text \<open>For epoch \<open>k\<close> put \<open>x = k powr \<rho> * l\<close>, so that \<open>E = \<lceil>x\<rceil>\<close> and
  \<open>L = \<lceil>2 x powr (2/3) ln x\<rceil>\<close>. With \<open>y = x powr (1/3)\<close> the three terms of the bound are of
  order \<open>y\<^sup>2 ln x\<close>, \<open>x / y = y\<^sup>2\<close> and \<open>\<epsilon> x\<^sup>2\<close>.\<close>
lemma epoch_regret_bound_large:
  fixes x eps :: real
  assumes x: "x \<ge> exp 1" and eps: "eps \<ge> 0"
  shows "epoch_regret_bound N eps (nat \<lceil>x\<rceil>) (nat \<lceil>2 * x powr (2/3) * ln x\<rceil>)
    \<le> real N * x powr (2/3) * (2 * ln x + 5) + 8 * eps * x\<^sup>2"
proof -
  define E L y where "E = nat \<lceil>x\<rceil>" and "L = nat \<lceil>2 * x powr (2/3) * ln x\<rceil>" and "y = x powr (1/3)"
  have x1: "x \<ge> 1" using x exp_ge_add_one_self[of 1] by simp
  have lnx: "ln x \<ge> 1" using x by (subst ln_ge_iff) (auto intro: less_le_trans[OF exp_gt_zero])
  have y: "1 \<le> y" "x powr (2/3) = y * y" "x = y * (y * y)"
    using x1 by (simp_all add: y_def ge_one_powr_ge_zero flip: powr_add)
  have yy: "1 \<le> y * y" using y(1) by (simp add: mult_ge1_I)
  have L: "2 * (y * y) \<le> real L" "real L \<le> 2 * (y * y) * ln x + 1"
    using mult_left_mono[OF lnx, of "2 * (y * y)"] yy unfolding L_def y(2) by linarith+
  have E: "real E \<le> 2 * x" using x1 unfolding E_def by linarith
  have exploit: "real E * (2 * real N / sqrt (real L)) \<le> 4 * real N * (y * y)"
    using L(1) yy E y by (intro exploit_cost_le) auto
  have "real E * real E \<le> (2 * x) * (2 * x)" using E by (intro mult_mono) auto
  then have drift: "real E * (2 * eps * real E) \<le> 8 * eps * x\<^sup>2"
    using mult_left_mono[OF _ eps, of "real E * real E" "(2 * x) * (2 * x)"]
    by (simp add: power2_eq_square mult_ac)
  have explore: "real N * real L \<le> real N * ((y * y) * (2 * ln x + 1))"
    using L(2) yy by (intro mult_left_mono) (auto simp: algebra_simps)
  have "L \<noteq> 0" using L(1) yy by auto
  then have "epoch_regret_bound N eps E L
      = real N * real L + real E * (2 * real N / sqrt (real L)) + real E * (2 * eps * real E)"
    by (simp add: epoch_regret_bound_def distrib_left)
  also have "\<dots> \<le> real N * ((y * y) * (2 * ln x + 1)) + 4 * real N * (y * y) + 8 * eps * x\<^sup>2"
    using explore exploit drift by linarith
  also have "\<dots> = real N * x powr (2/3) * (2 * ln x + 5) + 8 * eps * x\<^sup>2"
    unfolding y(2) by (simp add: algebra_simps)
  finally show ?thesis by (simp only: E_def L_def)
qed

lemma epoch_regret_bound_small:
  fixes x eps C :: real
  assumes x: "0 < x" "x < exp 1" and eps: "0 \<le> eps" "eps \<le> C"
  shows "epoch_regret_bound N eps (nat \<lceil>x\<rceil>) (nat \<lceil>2 * x powr (2/3) * ln x\<rceil>)
    \<le> real N * (2 * exp 1 + 1) + (exp 1 + 1) * (1 + 2 * real N + 2 * C * (exp 1 + 1))"
proof -
  define E L where "E = nat \<lceil>x\<rceil>" and "L = nat \<lceil>2 * x powr (2/3) * ln x\<rceil>"
  have lnx: "ln x \<le> 1" using x by (metis ln_exp ln_less_cancel_iff exp_gt_zero less_imp_le)
  have "x powr (2/3) \<le> exp 1"
  proof (cases "x \<le> 1")
    case True then show ?thesis using x powr_le1[of "2/3" x] exp_ge_add_one_self[of 1] by simp
  next
    case False then show ?thesis using x powr_mono[of "2/3" 1 x] by simp
  qed
  then have "2 * x powr (2/3) * ln x \<le> 2 * exp 1"
    using mult_left_mono[OF lnx, of "2 * x powr (2/3)"] by simp
  then have "max 0 (2 * x powr (2/3) * ln x) \<le> 2 * exp 1" by simp
  then have L: "real L \<le> 2 * exp 1 + 1"
    unfolding L_def using nat_ceiling_le[of "2 * x powr (2/3) * ln x"] by linarith
  have E: "real E \<le> exp 1 + 1" unfolding E_def using x nat_ceiling_le[of x] by linarith
  have D: "(if L = 0 then 1 else 2 * real N / sqrt (real L) + 2 * eps * real E) \<le> 1 + 2 * N + 2 * C * (exp 1 + 1)"
  proof (cases "L = 0")
    case False
    then have "2 * N / sqrt L \<le> 2 * N" by (simp add: divide_le_eq mult_le_cancel_left1)
    moreover have "2 * eps * E \<le> 2 * C * (exp 1 + 1)" using eps E by (intro mult_mono) auto
    ultimately show ?thesis using False by simp
  qed (use eps in simp)
  have "E * (if L = 0 then 1 else 2 * real N / sqrt (real L) + 2 * eps * real E)
      \<le> (exp 1 + 1) * (1 + 2 * real N + 2 * C * (exp 1 + 1))"
    using E D eps by (intro mult_mono) auto
  moreover have "real N * L \<le> real N * (2 * exp 1 + 1)" using L by (intro mult_left_mono) auto
  ultimately have "epoch_regret_bound N eps E L \<le> real N * (2 * exp 1 + 1) + (exp 1 + 1) * (1 + 2 * real N + 2 * C * (exp 1 + 1))"
    unfolding epoch_regret_bound_def by linarith
  then show ?thesis by (simp only: E_def L_def)
qed

lemma epoch_regret_bound_le:
  fixes x X \<Lambda> eps C :: real
  assumes x: "0 < x" "x \<le> X" "ln x \<le> \<Lambda>" "0 \<le> \<Lambda>" and eps: "0 \<le> eps" "eps \<le> C"
  shows "epoch_regret_bound N eps (nat \<lceil>x\<rceil>) (nat \<lceil>2 * x powr (2/3) * ln x\<rceil>)
    \<le> real N * (2 * exp 1 + 1) + (exp 1 + 1) * (1 + 2 * real N + 2 * C * (exp 1 + 1))
      + real N * X powr (2/3) * (2 * \<Lambda> + 5) + 8 * eps * X\<^sup>2"
proof (cases "x < exp 1")
  case True
  have "0 \<le> real N * X powr (2/3) * (2 * \<Lambda> + 5) + 8 * eps * X\<^sup>2" using x eps by simp
  then show ?thesis using epoch_regret_bound_small[OF x(1) True eps, where N = N] by linarith
next
  case False
  have "x powr (2/3) * (2 * ln x + 5) \<le> X powr (2/3) * (2 * \<Lambda> + 5)"
  proof (rule mult_mono)
    show "0 \<le> 2 * ln x + 5" using False x(1) ln_ge_iff[of x 1] by auto
  qed (use x in \<open>auto intro: powr_mono2\<close>)
  then have "real N * x powr (2/3) * (2 * ln x + 5) \<le> real N * X powr (2/3) * (2 * \<Lambda> + 5)"
    by (simp add: mult.assoc mult_left_mono)
  moreover have "8 * eps * x\<^sup>2 \<le> 8 * eps * X\<^sup>2" using x eps by (intro mult_left_mono power_mono) auto
  moreover have "0 \<le> real N * (2 * exp 1 + 1) + (exp 1 + 1) * (1 + 2 * real N + 2 * C * (exp 1 + 1))"
    using eps by simp
  ultimately show ?thesis using epoch_regret_bound_large[of x eps N] False eps by linarith
qed

lemma powr_le_of_le_mult_powr:
  fixes K c T q e :: real
  assumes "0 \<le> K" "K \<le> c * T powr q" "0 < c" "0 < T" "0 \<le> e"
  shows "K powr e \<le> c powr e * T powr (q * e)"
proof -
  have "K powr e \<le> (c * T powr q) powr e" using assms by (intro powr_mono2) auto
  then show ?thesis using assms by (simp add: powr_mult powr_powr)
qed

text \<open>With \<open>K \<approx> T powr (1 / (1 + \<rho>))\<close> epochs, the exploration cost \<open>K powr (1 + 2\<rho>/3)\<close>
  is exactly \<open>T powr p\<close>, and the drift cost \<open>T powr -\<kappa> * K powr (1 + 2\<rho>)\<close> is at most
  \<open>T powr p\<close> exactly when \<open>4\<rho> \<le> 3\<kappa>(1 + \<rho>)\<close>.\<close>
lemma epoch_exponents:
  fixes \<rho> \<kappa> :: real
  assumes "0 \<le> \<rho>" "4 * \<rho> \<le> 3 * \<kappa> * (1 + \<rho>)"
  defines "p \<equiv> (3 + 2 * \<rho>) / (3 + 3 * \<rho>)"
  shows "1 / (1 + \<rho>) \<le> p" "1 / (1 + \<rho>) * (1 + 2 * \<rho> / 3) = p" "1 / (1 + \<rho>) * (1 + 2 * \<rho>) - \<kappa> \<le> p"
proof -
  show "1 / (1 + \<rho>) \<le> p" "1 / (1 + \<rho>) * (1 + 2 * \<rho> / 3) = p"
    using assms(1) by (simp_all add: p_def field_simps)
  have "1 / (1 + \<rho>) * (1 + 2 * \<rho>) = (3 + 6 * \<rho>) / (3 + 3 * \<rho>)"
    using assms(1) by (simp add: divide_simps) (simp add: algebra_simps)
  moreover have "(3 + 6 * \<rho>) / (3 + 3 * \<rho>) = p + 4 * \<rho> / (3 + 3 * \<rho>)"
    by (simp add: p_def add_divide_distrib[symmetric])
  moreover have "4 * \<rho> / (3 + 3 * \<rho>) \<le> \<kappa>" using assms by (simp add: divide_le_eq algebra_simps)
  ultimately show "1 / (1 + \<rho>) * (1 + 2 * \<rho>) - \<kappa> \<le> p" by linarith
qed

lemma epoch_sum_growth:
  fixes K T c \<rho> \<kappa> M0 A B C :: real
  assumes K: "1 \<le> K" "K \<le> c * T powr (1 / (1 + \<rho>))" and T: "exp 1 \<le> T"
    and \<rho>: "0 \<le> \<rho>" "4 * \<rho> \<le> 3 * \<kappa> * (1 + \<rho>)"
    and const_pos: "0 < c" "0 \<le> M0" "0 \<le> A" "0 \<le> B" "0 \<le> C"
  defines "p \<equiv> (3 + 2 * \<rho>) / (3 + 3 * \<rho>)"
  shows "K * M0 + A * (\<rho> * ln T + B) * K powr (1 + 2 * \<rho> / 3) + C * T powr (- \<kappa>) * K powr (1 + 2 * \<rho>)
    \<le> (c * M0 + A * (\<rho> + B) * c powr (1 + 2 * \<rho> / 3) + C * c powr (1 + 2 * \<rho>)) * T powr p * ln T"
proof -
  define q where "q = 1 / (1 + \<rho>)"
  have T1: "1 \<le> T" using T exp_ge_add_one_self[of 1] by linarith
  then have T0: "0 < T" by simp
  have lnT: "1 \<le> ln T" using T T0 by (simp add: ln_ge_iff)
  have q: "0 < q" using \<rho> by (simp add: q_def)
  note exps = epoch_exponents[OF \<rho>, folded p_def q_def]
  have Tp: "1 \<le> T powr p" using T1 q exps(1) by (intro ge_one_powr_ge_zero) auto
  have le_ln: "z \<le> z * ln T" if "0 \<le> z" for z using mult_left_mono[OF lnT that] by simp
  have K_pow: "K powr e \<le> c powr e * T powr (q * e)" if "0 \<le> e" for e
    using powr_le_of_le_mult_powr[of K c T q e] K const_pos(1) T0 that by (simp add: q_def)
  have "T powr q \<le> T powr p" using exps(1) T1 by (intro powr_mono) auto
  then have "K \<le> c * T powr p" using K(2) const_pos(1) unfolding q_def[symmetric]
    by (meson less_imp_le mult_left_mono order_trans)
  then have "K * M0 \<le> c * T powr p * M0" using const_pos(2) by (rule mult_right_mono)
  then have term1: "K * M0 \<le> c * M0 * T powr p * ln T"
    using le_ln[of "c * M0 * T powr p"] const_pos by (simp add: mult_ac)
  have "\<rho> * ln T + B \<le> (\<rho> + B) * ln T" using le_ln[of B] const_pos(4) \<rho>(1) by (simp add: algebra_simps)
  then have term2: "A * (\<rho> * ln T + B) * K powr (1 + 2 * \<rho> / 3)
      \<le> A * ((\<rho> + B) * ln T) * (c powr (1 + 2 * \<rho> / 3) * T powr p)"
    using K_pow[of "1 + 2 * \<rho> / 3"] exps(2) const_pos \<rho>(1) lnT
    by (intro mult_mono) auto
  have "T powr (- \<kappa>) * K powr (1 + 2 * \<rho>) \<le> T powr (- \<kappa>) * (c powr (1 + 2 * \<rho>) * T powr (q * (1 + 2 * \<rho>)))"
    using K_pow[of "1 + 2 * \<rho>"] \<rho>(1) by (intro mult_left_mono) auto
  also have "\<dots> = c powr (1 + 2 * \<rho>) * T powr (q * (1 + 2 * \<rho>) - \<kappa>)"
    by (simp add: powr_add[symmetric] algebra_simps)
  also have "\<dots> \<le> c powr (1 + 2 * \<rho>) * T powr p"
    using exps(3) T1 by (intro mult_left_mono powr_mono) auto
  also have "\<dots> \<le> c powr (1 + 2 * \<rho>) * T powr p * ln T" by (intro le_ln) simp
  finally have term3: "C * T powr (- \<kappa>) * K powr (1 + 2 * \<rho>) \<le> C * (c powr (1 + 2 * \<rho>) * T powr p * ln T)"
    using const_pos(5) by (simp add: mult.assoc mult_left_mono)
  from term1 term2 term3 show ?thesis by (simp add: algebra_simps)
qed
····················
Task goal:
Quote only the stretch of lines that starts the data above and ends with the line containing "fixes x eps :: real", both included.

Response area:
text \<open>For epoch \<open>k\<close> put \<open>x = k powr \<rho> * l\<close>, so that \<open>E = \<lceil>x\<rceil>\<close> and
  \<open>L = \<lceil>2 x powr (2/3) ln x\<rceil>\<close>. With \<open>y = x powr (1/3)\<close> the three terms of the bound are of
  order \<open>y\<^sup>2 ln x\<close>, \<open>x / y = y\<^sup>2\<close> and \<open>\<epsilon> x\<^sup>2\<close>.\<close>
lemma epoch_regret_bound_large:
  fixes x eps :: real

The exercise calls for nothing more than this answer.